> _Collected data_:

text \<open>Take \<open>a = x\<close>, \<open>b = y\<close> and build the matrix in blocks. The first \<open>n k - a\<close> rows have the
  entry \<open>q\<close> everywhere plus a surplus of \<open>r l\<close> each, wound cyclically around the last \<open>b\<close>
  columns, so every surplus entry is at most \<open>1\<close>. The last \<open>a\<close> rows complete each column to
  the column sum \<open>m k\<close>: the missing amount of a column is at most \<open>q a + r k \<le> (q + 1) a\<close>, and
  winding these amounts cyclically around the \<open>a\<close> rows gives entries at most \<open>q + 1\<close> and equal
  row sums. The feasibility inequality for \<open>(x, y)\<close> says exactly that the surplus received
  by a column never exceeds \<open>q a + r k\<close>. Hence every entry is at most \<open>u i + v j\<close>, where \<open>u i\<close>
  is \<open>q\<close> plus one on the last \<open>a\<close> rows and \<open>v j\<close> is one on the last \<open>b\<close> columns, and every
  transversal weighs at most \<open>\<Sum>u + \<Sum>v = n k q + a + b\<close>.\<close>

definition residue_count :: "nat \<Rightarrow> nat \<Rightarrow> nat \<Rightarrow> nat \<Rightarrow> nat" where
  "residue_count lo hi p i = card {t \<in> {lo..<hi}. t mod p = i}"

lemma residue_count_empty: "hi \<le> lo \<Longrightarrow> residue_count lo hi p i = 0"
  by (simp add: residue_count_def)

lemma residue_count_split:
  assumes "lo \<le> mid" "mid \<le> hi"
  shows "residue_count lo hi p i = residue_count lo mid p i + residue_count mid hi p i"
proof -
  have "{t \<in> {lo..<hi}. t mod p = i} = {t \<in> {lo..<mid}. t mod p = i} \<union> {t \<in> {mid..<hi}. t mod p = i}"
    using assms by auto
  then show ?thesis
    unfolding residue_count_def by (simp add: card_Un_disjoint disjoint_iff)
qed

lemma residue_count_mono: "hi \<le> hi' \<Longrightarrow> residue_count lo hi p i \<le> residue_count lo hi' p i"
  unfolding residue_count_def by (rule card_mono) auto

lemma sum_residue_count:
  assumes "0 < p \<or> hi \<le> lo"
  shows "(\<Sum>i<p. residue_count lo hi p i) = hi - lo"
proof (cases "0 < p")
  case True
  have "(\<lambda>t. t mod p) ` {lo..<hi} \<subseteq> {..<p}" using True by auto
  from sum.group[OF finite_atLeastLessThan finite_lessThan this, of "\<lambda>_. 1::nat"]
  show ?thesis by (simp add: residue_count_def)
qed (use assms in simp)

lemma residue_count_period_le_1: "residue_count lo (lo + p) p i \<le> 1"
proof -
  have "s = u" if "s \<in> {lo..<lo + p}" "u \<in> {lo..<lo + p}" "s mod p = u mod p" for s u
  proof (rule ccontr)
    assume "s \<noteq> u"
    moreover have "p dvd (max s u - min s u)"
      using that(3) mod_eq_dvd_iff_nat[of s u p] mod_eq_dvd_iff_nat[of u s p] by (auto simp: max_def min_def)
    ultimately show False
      using that(1,2) by (auto dest: dvd_imp_le)
  qed
  then show ?thesis
    unfolding residue_count_def One_nat_def by (subst card_le_Suc0_iff_eq) auto
qed

lemma residue_count_periods_le: "residue_count lo (lo + d * p) p i \<le> d"
proof (induction d)
  case (Suc d)
  have "residue_count lo (lo + Suc d * p) p i
      = residue_count lo (lo + d * p) p i + residue_count (lo + d * p) (lo + Suc d * p) p i"
    by (rule residue_count_split) simp_all
  moreover have "residue_count (lo + d * p) (lo + Suc d * p) p i \<le> 1"
    using residue_count_period_le_1[of "lo + d * p" p i] by (simp add: algebra_simps)
  ultimately show ?case using Suc by linarith
qed (simp add: residue_count_empty)

lemma residue_count_le: "hi \<le> lo + d * p \<Longrightarrow> residue_count lo hi p i \<le> d"
  using residue_count_mono residue_count_periods_le order_trans by blast

lemma residue_count_periods:
  assumes "i < p"
  shows "residue_count lo (lo + d * p) p i = d"
proof (rule ccontr)
  assume "residue_count lo (lo + d * p) p i \<noteq> d"
  then have "residue_count lo (lo + d * p) p i < d"
    using residue_count_periods_le le_neq_implies_less by blast
  with assms have "(\<Sum>i<p. residue_count lo (lo + d * p) p i) < (\<Sum>i<p. d)"
    by (intro sum_strict_mono_ex1) (auto intro: residue_count_periods_le)
  moreover have "(\<Sum>i<p. residue_count lo (lo + d * p) p i) = d * p"
    using assms by (simp add: sum_residue_count)
  ultimately show False by simp
qed

lemma sum_residue_count_telescope:
  assumes "mono P"
  shows "(\<Sum>s<S. residue_count (P s) (P (Suc s)) p i) = residue_count (P 0) (P S) p i"
proof (induction S)
  case (Suc S)
  have "P 0 \<le> P S" "P S \<le> P (Suc S)" using assms by (simp_all add: monoD)
  with Suc show ?case using residue_count_split[of "P 0" "P S" "P (Suc S)" p i] by simp
qed (simp add: residue_count_empty)

text \<open>The amounts \<open>c 0, c 1, \<dots>\<close> are laid out one after another on the line of natural
  numbers, which is wound around \<open>p\<close> slots; \<open>cyclic_fill c p j i\<close> is the part of \<open>c j\<close>
  that lands in slot \<open>i\<close>.\<close>

definition cyclic_fill :: "(nat \<Rightarrow> nat) \<Rightarrow> nat \<Rightarrow> nat \<Rightarrow> nat \<Rightarrow> nat" where
  "cyclic_fill c p j i = residue_count (\<Sum>j'<j. c j') (\<Sum>j'<Suc j. c j') p i"

lemma sum_cyclic_fill_slots:
  assumes "p = 0 \<Longrightarrow> c j = 0"
  shows "(\<Sum>i<p. cyclic_fill c p j i) = c j"
  using assms by (cases "p = 0") (simp_all add: cyclic_fill_def sum_residue_count)

lemma sum_cyclic_fill_items: "(\<Sum>j<J. cyclic_fill c p j i) = residue_count 0 (\<Sum>j<J. c j) p i"
proof -
  have "mono (\<lambda>j. \<Sum>j'<j. c j')"
    by (rule monoI, rule sum_mono2) auto
  from sum_residue_count_telescope[OF this, where S = J and p = p and i = i] show ?thesis
    by (simp add: cyclic_fill_def)
qed

lemma cyclic_fill_le: "c j \<le> d * p \<Longrightarrow> cyclic_fill c p j i \<le> d"
  by (simp add: cyclic_fill_def residue_count_le)

lemma sum_lessThan_add: "(\<Sum>i<m + n. g i) = (\<Sum>i<m. g i) + (\<Sum>i<n. g (m + i))" for m n :: nat
  by (induction n) (auto simp: add.assoc)

lemma tdet_le_sum_potentials:
  fixes A :: "nat \<Rightarrow> nat \<Rightarrow> nat" and u v :: "nat \<Rightarrow> nat"
  assumes "s \<le> t" and bound: "\<And>i j. i < s \<Longrightarrow> j < t \<Longrightarrow> A i j \<le> u i + v j"
  shows "tdet s t A \<le> (\<Sum>i<s. u i) + (\<Sum>j<t. v j)"
proof -
  let ?T = "{(\<Sum>i<s. A i (f i)) | f. inj_on f {..<s} \<and> f ` {..<s} \<subseteq> {..<t}}"
  have transversal_le: "(\<Sum>i<s. A i (f i)) \<le> (\<Sum>i<s. u i) + (\<Sum>j<t. v j)"
    if f: "inj_on f {..<s}" "f ` {..<s} \<subseteq> {..<t}" for f
  proof -
    have "(\<Sum>i<s. A i (f i)) \<le> (\<Sum>i<s. u i + v (f i))"
      by (rule sum_mono) (use f bound in auto)
    also have "\<dots> = (\<Sum>i<s. u i) + (\<Sum>j\<in>f ` {..<s}. v j)"
      by (simp add: sum.distrib sum.reindex[OF f(1)])
    also have "(\<Sum>j\<in>f ` {..<s}. v j) \<le> (\<Sum>j<t. v j)"
      by (rule sum_mono2) (use f in auto)
    finally show ?thesis by simp
  qed
  have bounded: "?T \<subseteq> {..(\<Sum>i<s. u i) + (\<Sum>j<t. v j)}"
    using transversal_le by blast
  have "inj_on id {..<s}" "id ` {..<s} \<subseteq> {..<t}"
    using assms(1) by auto
  then have "?T \<noteq> {}" by blast
  moreover have "transversal_sums s t A = ?T"
    unfolding transversal_sums_def using assms(1) by simp
  ultimately show ?thesis
    unfolding tdet_def using bounded finite_subset[OF bounded] by (simp add: Max_le_iff subset_eq)
qed

locale Dkl_construction =
  fixes k l n q r a b :: nat
  assumes k_le_l: "k \<le> l"
    and a_ge: "r * k \<le> a" and b_ge: "r * l \<le> b" and ab_le: "a + b \<le> n * k"
    and feasible: "k * l * n * r \<le> q * a * b + r * (a * l + b * k)"
begin

definition top_rows :: nat where "top_rows = n * k - a"

definition left_cols :: nat where "left_cols = n * l - b"

lemma rows_split: "n * k = top_rows + a"
  using ab_le by (simp add: top_rows_def)

lemma cols_split: "n * l = left_cols + b"
  using ab_le mult_le_mono2[OF k_le_l, of n] unfolding left_cols_def by linarith

definition surplus :: "nat \<Rightarrow> nat \<Rightarrow> nat" where
  "surplus i j = (if left_cols \<le> j then cyclic_fill (\<lambda>_. r * l) b i (j - left_cols) else 0)"

definition load :: "nat \<Rightarrow> nat" where
  "load j = q * a + r * k - (\<Sum>i<top_rows. surplus i j)"

definition matrix :: "nat \<Rightarrow> nat \<Rightarrow> nat" where
  "matrix i j =
     (if i < n * k \<and> j < n * l then
        if i < top_rows then q + surplus i j else cyclic_fill load a j (i - top_rows)
      else 0)"

lemma surplus_le_1: "surplus i j \<le> 1"
  using b_ge by (simp add: surplus_def cyclic_fill_le)

lemma sum_surplus_row: "(\<Sum>j<n * l. surplus i j) = r * l"
proof -
  have "(\<Sum>j<n * l. surplus i j) = (\<Sum>j<b. cyclic_fill (\<lambda>_. r * l) b i j)"
    by (simp add: cols_split sum_lessThan_add surplus_def)
  also have "\<dots> = r * l"
    using b_ge by (intro sum_cyclic_fill_slots) simp
  finally show ?thesis .
qed

lemma surplus_fits: "top_rows * (r * l) \<le> (q * a + r * k) * b"
proof -
  have "top_rows * (r * l) + a * (r * l) = k * l * n * r"
    using rows_split by (metis add_mult_distrib mult.commute mult.left_commute)
  then show ?thesis
    using feasible by (simp add: algebra_simps)
qed

lemma sum_surplus_column: "(\<Sum>i<top_rows. surplus i j) \<le> q * a + r * k"
proof (cases "left_cols \<le> j")
  case True
  then have "(\<Sum>i<top_rows. surplus i j) = residue_count 0 (top_rows * (r * l)) b (j - left_cols)"
    by (simp add: surplus_def sum_cyclic_fill_items)
  also have "\<dots> \<le> q * a + r * k"
    using surplus_fits by (intro residue_count_le) simp
  finally show ?thesis .
qed (simp add: surplus_def)

lemma load_le: "load j \<le> (q + 1) * a"
  using a_ge by (simp add: load_def)

lemma sum_load: "(\<Sum>j<n * l. load j) = (q * (n * l) + r * l) * a"
proof -
  have "(\<Sum>j<n * l. load j) + (\<Sum>j<n * l. \<Sum>i<top_rows. surplus i j) = n * l * (q * a + r * k)"
    using sum_surplus_column by (simp add: load_def flip: sum.distrib)
  moreover have "(\<Sum>j<n * l. \<Sum>i<top_rows. surplus i j) = top_rows * (r * l)"
    by (simp add: sum.swap[where A = "{..<n * l}"] sum_surplus_row)
  moreover have "n * l * (q * a + r * k) = (q * (n * l) + r * l) * a + top_rows * (r * l)"
  proof -
    have "n * l * (r * k) = (a + top_rows) * (r * l)"
      using rows_split by (metis add.commute mult.commute mult.left_commute)
    then show ?thesis by (simp add: algebra_simps)
  qed
  ultimately show ?thesis by linarith
qed

lemma matrix_row_sum:
  assumes "i < n * k"
  shows "(\<Sum>j<n * l. matrix i j) = (q * n + r) * l"
proof (cases "i < top_rows")
  case True
  then have "(\<Sum>j<n * l. matrix i j) = (\<Sum>j<n * l. q + surplus i j)"
    using assms by (simp add: matrix_def)
  also have "\<dots> = n * l * q + r * l"
    by (simp add: sum.distrib sum_surplus_row)
  finally show ?thesis by (simp add: algebra_simps)
next
  case False
  then have "(\<Sum>j<n * l. matrix i j) = residue_count 0 (0 + (q * (n * l) + r * l) * a) a (i - top_rows)"
    using assms by (simp add: matrix_def sum_cyclic_fill_items sum_load)
  also have "\<dots> = q * (n * l) + r * l"
    using False assms rows_split by (intro residue_count_periods) simp
  finally show ?thesis by (simp add: algebra_simps)
qed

> _Work instructions_: Among the lines above, count those containing "unfolding", and give only the number.

> _Task result_: 6